■ Input material:
(* Let $n\geq 1$ and let $R_\bullet$, $\Omega(R_\bullet)$, $N_*$, $D_*$, $\omega_q$, $\alpha_q$, $\beta_q$, $(\omega_q)_i$, $(\omega_q)_{i,j}$ be as in the context. Then for every $q\geq 0$: if $n$ is odd, $\omega_q$ is a cycle in $N_q\Omega(R_\bullet)$ (i.e. $\omega_q\in N_q\Omega(R_\bullet)$ and $d_0\omega_q=0$); if $n$ is even, $\alpha_q$ and $\beta_q$ are cycles in $N_q\Omega(R_\bullet)$. Furthermore, for any $n$, the elements $(\omega_{q+1})_r$, $(\omega_{q+1})_{j,k}$ and $y_r(\omega_{q+1})_{j,k}$ lie in $D_{q+1}\Omega(R_\bullet)$ for all $1\leq j<k\leq q+1$ and $1\leq r\leq q+1$.
   Context: All algebras are over $\mathbb{F}_2$ and (graded) commutative. Fix integers $n\geq 1$ and $|x|\geq 1$. Let $R_\bullet$ be the simplicial graded $\mathbb{F}_2$-algebra with $R_q=\mathbb{F}_2[x,y_1,\dots,y_q]$ ($q\geq 0$), $|y_i|=(n+1)|x|$, whose face maps $d_i:R_q\to R_{q-1}$ and degeneracy maps $s_i:R_q\to R_{q+1}$ ($0\le i\le q$) are the algebra maps given by $s_i(x)=x$, $d_i(x)=x$, $s_i(y_j)=y_j$ if $i\geq j$ and $s_i(y_j)=y_{j+1}$ if $i<j$; and $d_i(y_j)=x^{n+1}$ if $i=0,j=1$; $d_i(y_j)=y_{j-1}$ if $i<j$, $j>1$; $d_i(y_j)=y_j$ if $i\geq j$, $j<q$; $d_q(y_q)=0$. For a graded commutative $\mathbb{F}_2$-algebra $A$, the de Rham complex $\Omega(A)$ is the free $A$-algebra on generators ${\bf d}a$ ($a\in A$), $|{\bf d}a|=|a|-1$, modulo ${\bf d}(a+b)={\bf d}a+{\bf d}b$, ${\bf d}(ab)=({\bf d}a)b+a{\bf d}b$, $({\bf d}a)^2=0$; it is functorial, so $\Omega(R_\bullet)$ is a simplicial algebra. For a simplicial $\mathbb{F}_2$-vector space $V$, $N_q(V)=\bigcap_{1\le i\le q}\ker(d_i)$ is the normalized complex with differential $d_0$, and $D_q(V)\subseteq V_q$ is the subspace spanned by degenerate elements (images of the $s_i$). In $\Omega(R_q)$ put $\omega_q={\bf d}y_1\cdots{\bf d}y_q$ for $q>0$, $\omega_0=1$; $(\omega_q)_i$ is $\omega_q$ with the factor ${\bf d}y_i$ omitted and $(\omega_q)_{i,j}$ ($i<j$) is $\omega_q$ with ${\bf d}y_i,{\bf d}y_j$ omitted; $\alpha_q={\bf d}x\,\omega_q$ and $\beta_q=x\omega_q+{\bf d}x\sum_{i=1}^q y_i(\omega_q)_i$ for $q>0$, $\alpha_0={\bf d}x$, $\beta_0=x$. *)

theory Defs
  imports "HOL-Library.Poly_Mapping" "HOL-Library.Z2"
begin

text \<open>Variables of the polynomial ring in which we model the de Rham complex
  Omega(R_q) = F2[x,y_1..y_q] tensor Lambda[dx,dy_1..dy_q]:
  X = x, Y j = y_j, DX = dx, DY j = dy_j.\<close>
datatype var = X | Y nat | DX | DY nat

type_synonym poly2 = "(var \<Rightarrow>\<^sub>0 nat) \<Rightarrow>\<^sub>0 bit"

definition Var :: "var \<Rightarrow> poly2" where
  "Var v = Poly_Mapping.single (Poly_Mapping.single v 1) 1"

definition monom :: "(var \<Rightarrow>\<^sub>0 nat) \<Rightarrow> poly2" where
  "monom m = Poly_Mapping.single m 1"

definition is_dvar :: "var \<Rightarrow> bool" where
  "is_dvar v = (case v of DX \<Rightarrow> True | DY _ \<Rightarrow> True | _ \<Rightarrow> False)"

■ What you should do:
All entries should be transcribed verbatim.

■ Expected answer:
(* Let $n\geq 1$ and let $R_\bullet$, $\Omega(R_\bullet)$, $N_*$, $D_*$, $\omega_q$, $\alpha_q$, $\beta_q$, $(\omega_q)_i$, $(\omega_q)_{i,j}$ be as in the context. Then for every $q\geq 0$: if $n$ is odd, $\omega_q$ is a cycle in $N_q\Omega(R_\bullet)$ (i.e. $\omega_q\in N_q\Omega(R_\bullet)$ and $d_0\omega_q=0$); if $n$ is even, $\alpha_q$ and $\beta_q$ are cycles in $N_q\Omega(R_\bullet)$. Furthermore, for any $n$, the elements $(\omega_{q+1})_r$, $(\omega_{q+1})_{j,k}$ and $y_r(\omega_{q+1})_{j,k}$ lie in $D_{q+1}\Omega(R_\bullet)$ for all $1\leq j<k\leq q+1$ and $1\leq r\leq q+1$.
   Context: All algebras are over $\mathbb{F}_2$ and (graded) commutative. Fix integers $n\geq 1$ and $|x|\geq 1$. Let $R_\bullet$ be the simplicial graded $\mathbb{F}_2$-algebra with $R_q=\mathbb{F}_2[x,y_1,\dots,y_q]$ ($q\geq 0$), $|y_i|=(n+1)|x|$, whose face maps $d_i:R_q\to R_{q-1}$ and degeneracy maps $s_i:R_q\to R_{q+1}$ ($0\le i\le q$) are the algebra maps given by $s_i(x)=x$, $d_i(x)=x$, $s_i(y_j)=y_j$ if $i\geq j$ and $s_i(y_j)=y_{j+1}$ if $i<j$; and $d_i(y_j)=x^{n+1}$ if $i=0,j=1$; $d_i(y_j)=y_{j-1}$ if $i<j$, $j>1$; $d_i(y_j)=y_j$ if $i\geq j$, $j<q$; $d_q(y_q)=0$. For a graded commutative $\mathbb{F}_2$-algebra $A$, the de Rham complex $\Omega(A)$ is the free $A$-algebra on generators ${\bf d}a$ ($a\in A$), $|{\bf d}a|=|a|-1$, modulo ${\bf d}(a+b)={\bf d}a+{\bf d}b$, ${\bf d}(ab)=({\bf d}a)b+a{\bf d}b$, $({\bf d}a)^2=0$; it is functorial, so $\Omega(R_\bullet)$ is a simplicial algebra. For a simplicial $\mathbb{F}_2$-vector space $V$, $N_q(V)=\bigcap_{1\le i\le q}\ker(d_i)$ is the normalized complex with differential $d_0$, and $D_q(V)\subseteq V_q$ is the subspace spanned by degenerate elements (images of the $s_i$). In $\Omega(R_q)$ put $\omega_q={\bf d}y_1\cdots{\bf d}y_q$ for $q>0$, $\omega_0=1$; $(\omega_q)_i$ is $\omega_q$ with the factor ${\bf d}y_i$ omitted and $(\omega_q)_{i,j}$ ($i<j$) is $\omega_q$ with ${\bf d}y_i,{\bf d}y_j$ omitted; $\alpha_q={\bf d}x\,\omega_q$ and $\beta_q=x\omega_q+{\bf d}x\sum_{i=1}^q y_i(\omega_q)_i$ for $q>0$, $\alpha_0={\bf d}x$, $\beta_0=x$. *)

theory Defs
  imports "HOL-Library.Poly_Mapping" "HOL-Library.Z2"
begin

text \<open>Variables of the polynomial ring in which we model the de Rham complex
  Omega(R_q) = F2[x,y_1..y_q] tensor Lambda[dx,dy_1..dy_q]:
  X = x, Y j = y_j, DX = dx, DY j = dy_j.\<close>
datatype var = X | Y nat | DX | DY nat

type_synonym poly2 = "(var \<Rightarrow>\<^sub>0 nat) \<Rightarrow>\<^sub>0 bit"

definition Var :: "var \<Rightarrow> poly2" where
  "Var v = Poly_Mapping.single (Poly_Mapping.single v 1) 1"

definition monom :: "(var \<Rightarrow>\<^sub>0 nat) \<Rightarrow> poly2" where
  "monom m = Poly_Mapping.single m 1"

definition is_dvar :: "var \<Rightarrow> bool" where
  "is_dvar v = (case v of DX \<Rightarrow> True | DY _ \<Rightarrow> True | _ \<Rightarrow> False)"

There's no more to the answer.